Saturday, September 24, 2005

Will Google hurt Microsoft with free software?

Google relies on its search ad model to drive huge revenues from its widely used search engine. The same business model is used when expanding into new areas like Gmail. When you use Gmail you often get some rather relevant text ads next to your emails. Are these intrusive ads? Well it depends on who you ask. Personally I see them as relevant content, a really nice feature actually!

This business model binds everything that Google does together. So when Google is launching new products and tools, they are not just diversifying the business away from search. No, they are just creating new ways to expose their clients ads next to relevant content. The search algorithms make sure, that it is the right ads shown at the right and relevant places. This keeps clients happy, because they get relevant business leads. It keeps the users happy, because they get relevant ads instead of being exposed to boring or annoying mass communication. Some of these ads actually give you exactly what you were looking for - the way ads should work!

No doubt it is a really good business model. The same model that made Google buy, so that content like this blog, could have Google's ads next to them. The ads can vary a lot from who is looking at them. The country you are in is just one of the factors, that determine which ads you get. Google is already gunning for Microsoft. Sidebar is aiming at the desktop - Microsoft's very domain. Or so it used to be. Google is getting closer to the holy grail of Microsoft - no doubt it has Microsoft scared big time. And Microsoft should be scared. This is the first company that really has a good chance at hurting the software giant big time, and Microsoft knows it.

Without the dominance in Windows and Office and the revenues from these - Microsoft would be crippled. Its the cornerstone of the cooperation's success, and its capabilities of leaping into other product areas like mobile, online and gaming. But what happens, if Google decides to distribute free software, because they actually could make a profit from it? Surely software is extremely expensive to produce, but Google also make an extreme amount of money on their ads. If Google were to hand out free software, surely many would neglect paying Microsoft. Also if Google were to make it open source, they would actually get a lot of free help in producing this. It could even be based on Linux or some of the other alternatives to Microsoft today. Imagine the impact on Microsoft! Imagine the impact on the software industry!
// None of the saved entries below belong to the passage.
lemma set_integrable_conv:
  fixes u :: "'a \<Rightarrow> real"
  assumes "continuous_on K u"
  shows "set_integrable lborel \<Omega> (\<lambda>y. J (x - y) * u y)"
proof (rule set_integrable_dom)
  show "continuous_on K (\<lambda>y. J (x - y) * u y)"
    by (intro continuous_intros assms continuous_on_compose2[OF continuous_J]) auto
qed

lemma J_translate: "integrable lborel (\<lambda>y. J (x - y))" "(LINT y|lborel. J (x - y)) = 1"
proof -
  have eq: "\<And>y. J (x - y) = J (- x + y)" using J_even by (metis minus_diff_eq uminus_add_conv_diff)
  have d: "distr lborel borel ((+) (- x)) = lborel" by (rule lborel_distr_plus)
  have "integrable (distr lborel borel ((+) (- x))) J" using d integrable_J by simp
  then have "integrable lborel (\<lambda>y. J (- x + y))"
    by (subst (asm) integrable_distr_eq) auto
  then show "integrable lborel (\<lambda>y. J (x - y))" using eq by simp
  have "integral\<^sup>L (distr lborel borel ((+) (- x))) J = (LINT y|lborel. J (- x + y))"
    by (rule integral_distr) auto
  then show "(LINT y|lborel. J (x - y)) = 1" using d integral_J eq by simp
qed

lemma dom_mass_bounds: "0 \<le> (LINT y:\<Omega>|lborel. J (x - y))" "(LINT y:\<Omega>|lborel. J (x - y)) \<le> 1"
proof -
  show "0 \<le> (LINT y:\<Omega>|lborel. J (x - y))"
    unfolding set_lebesgue_integral_def
    by (rule integral_nonneg_AE) (auto intro!: AE_I2 simp: J_nonneg)
  have "(LINT y:\<Omega>|lborel. J (x - y)) = (LINT y|lborel. indicator \<Omega> y * J (x - y))"
    unfolding set_lebesgue_integral_def by simp
  also have "\<dots> \<le> (LINT y|lborel. J (x - y))"
    using set_integrable_conv[of "\<lambda>_. 1" x] J_translate(1)[of x] unfolding set_integrable_def
    by (intro integral_mono) (auto simp: J_nonneg split: split_indicator)
  finally show "(LINT y:\<Omega>|lborel. J (x - y)) \<le> 1" using J_translate(2) by simp
qed

lemma abs_le_supn:
  fixes u :: "'a \<Rightarrow> real"
  assumes "continuous_on K u" "x \<in> K"
  shows "\<bar>u x\<bar> \<le> supn u"
proof -
  obtain B where "\<forall>y\<in>K. \<bar>u y\<bar> \<le> B" using bounded_on_K[OF assms(1)] by blast
  then have "bdd_above ((\<lambda>x. \<bar>u x\<bar>) ` K)" by (auto intro: bdd_aboveI2)
  then show ?thesis unfolding supn_def using assms(2) by (rule cSUP_upper2) simp
qed

lemma supn_le:
  fixes u :: "'a \<Rightarrow> real"
  assumes "\<And>x. x \<in> K \<Longrightarrow> \<bar>u x\<bar> \<le> B"
  shows "supn u \<le> B"
  unfolding supn_def using K_nonempty assms by (intro cSUP_least) auto

lemma supn_nonneg:
  fixes u :: "'a \<Rightarrow> real"
  assumes "continuous_on K u"
  shows "0 \<le> supn u"
proof -
  obtain x where "x \<in> K" using K_nonempty by (meson ex_in_conv)
  then show ?thesis using abs_le_supn[OF assms] by (meson abs_ge_zero order_trans)
qed

lemma supn_uminus: "supn (\<lambda>y. - u y) = supn u"
  unfolding supn_def by simp

lemma conv_cong: "(\<And>y. y \<in> \<Omega> \<Longrightarrow> u y = v y) \<Longrightarrow> conv u x = conv v x"
  unfolding conv_def by (rule set_lebesgue_integral_cong) (use open_dom in auto)

lemma conv_add:
  fixes u v :: "'a \<Rightarrow> real"
  assumes "continuous_on K u" "continuous_on K v"
  shows "conv (\<lambda>y. u y + v y) x = conv u x + conv v x"
  unfolding conv_def using set_integrable_conv[OF assms(1)] set_integrable_conv[OF assms(2)]
  by (simp add: distrib_left)

lemma conv_diff:
  fixes u v :: "'a \<Rightarrow> real"
  assumes "continuous_on K u" "continuous_on K v"
  shows "conv (\<lambda>y. u y - v y) x = conv u x - conv v x"
  unfolding conv_def using set_integrable_conv[OF assms(1)] set_integrable_conv[OF assms(2)]
  by (simp add: right_diff_distrib)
Google and Microsoft are both making sure, that the software and the online industry are merging, because both are working their way into the other industry. Google is currently dominant in the online industry, Microsoft is in the software industry and has been for decades - one player will be dominant in the new merged industry in a couple of years from now. I think that free software is Google's chance of gaining leadership, it certainly would hurt Microsoft severely. Microsoft's chance is gaining leadership in search, before Google can finance free software. But with the current status of market share and product quality in search, I wouldn't be betting my money with Microsoft.


oadfji said...

What about AOL? M$ wants to buy or partner with AOL to counter the Google threat. M$ will do what it can, with a lot more cash than anyone else, to keep making more money. Yes, M$ will probably change in radical ways to stay in business. I'm trying to imagine how M$ will look after a few years. M$ is a trans-national corporation now, it can outsource to many coutries. Will all the developers in Redmond be out of work in a few years?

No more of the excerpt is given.